lemma CAT0_geodesic_unique:
  assumes C: "CAT0 TYPE('a::metric_space)"
    and g1: "geodesic_on g1 0 L" "g1 0 = (x::'a)" "g1 L = y"
    and g2: "geodesic_on g2 0 L" "g2 0 = x" "g2 L = y"
    and s: "0 \<le> s" "s \<le> L"
  shows "g1 s = g2 s"
proof (cases "L = 0")
  case True
  then show ?thesis using s g1 g2 by simp
next
  case False
  define t where "t = s / L"
  have t: "0 \<le> t" "t \<le> 1" and sL: "s = t * L" using s False by (auto simp: t_def field_simps)
  have "(dist (g2 s) (g1 s))\<^sup>2 \<le> (1 - t) * (dist (g2 s) (g1 0))\<^sup>2 + t * (dist (g2 s) (g1 L))\<^sup>2
             - t * (1 - t) * (dist (g1 0) (g1 L))\<^sup>2"
    using CAT0_comparison[OF C g1(1) t, of "g2 s"] sL by simp
  also have "\<dots> = (1 - t) * s\<^sup>2 + t * (L - s)\<^sup>2 - t * (1 - t) * L\<^sup>2"
    using geodesic_on_dist[OF g2(1), of s 0] geodesic_on_dist[OF g2(1), of s L]
      geodesic_on_dist[OF g1(1), of 0 L] s g1(2,3) g2(2,3) by simp
  also have "\<dots> = 0" unfolding sL by algebra
  finally show ?thesis by simp
qed

lemma CAT0_geo_comb_eq:
  assumes C: "CAT0 TYPE('a::metric_space)"
    and g: "geodesic_on g 0 (dist x y)" "g 0 = (x::'a)" "g (dist x y) = y"
    and t: "0 \<le> t" "t \<le> 1"
  shows "geo_comb t x y = g (t * dist x y)"
  unfolding geo_comb_def
proof (rule the_equality)
  fix p assume "\<exists>g'. geodesic_on g' 0 (dist x y) \<and> g' 0 = x \<and> g' (dist x y) = y
                      \<and> p = g' (t * dist x y)"
  then obtain g' where g': "geodesic_on g' 0 (dist x y)" "g' 0 = x" "g' (dist x y) = y"
    and p: "p = g' (t * dist x y)" by blast
  have "0 \<le> t * dist x y" "t * dist x y \<le> dist x y" using t by (auto simp: mult_left_le_one_le)
  then show "p = g (t * dist x y)" using CAT0_geodesic_unique[OF C g' g] p by simp
qed (use g in blast)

------------

### Assigned task
Which lines above include the word "also"? Pick them out and copy them.

### Answer area
  also have "\<dots> = (1 - t) * s\<^sup>2 + t * (L - s)\<^sup>2 - t * (1 - t) * L\<^sup>2"
  also have "\<dots> = 0" unfolding sL by algebra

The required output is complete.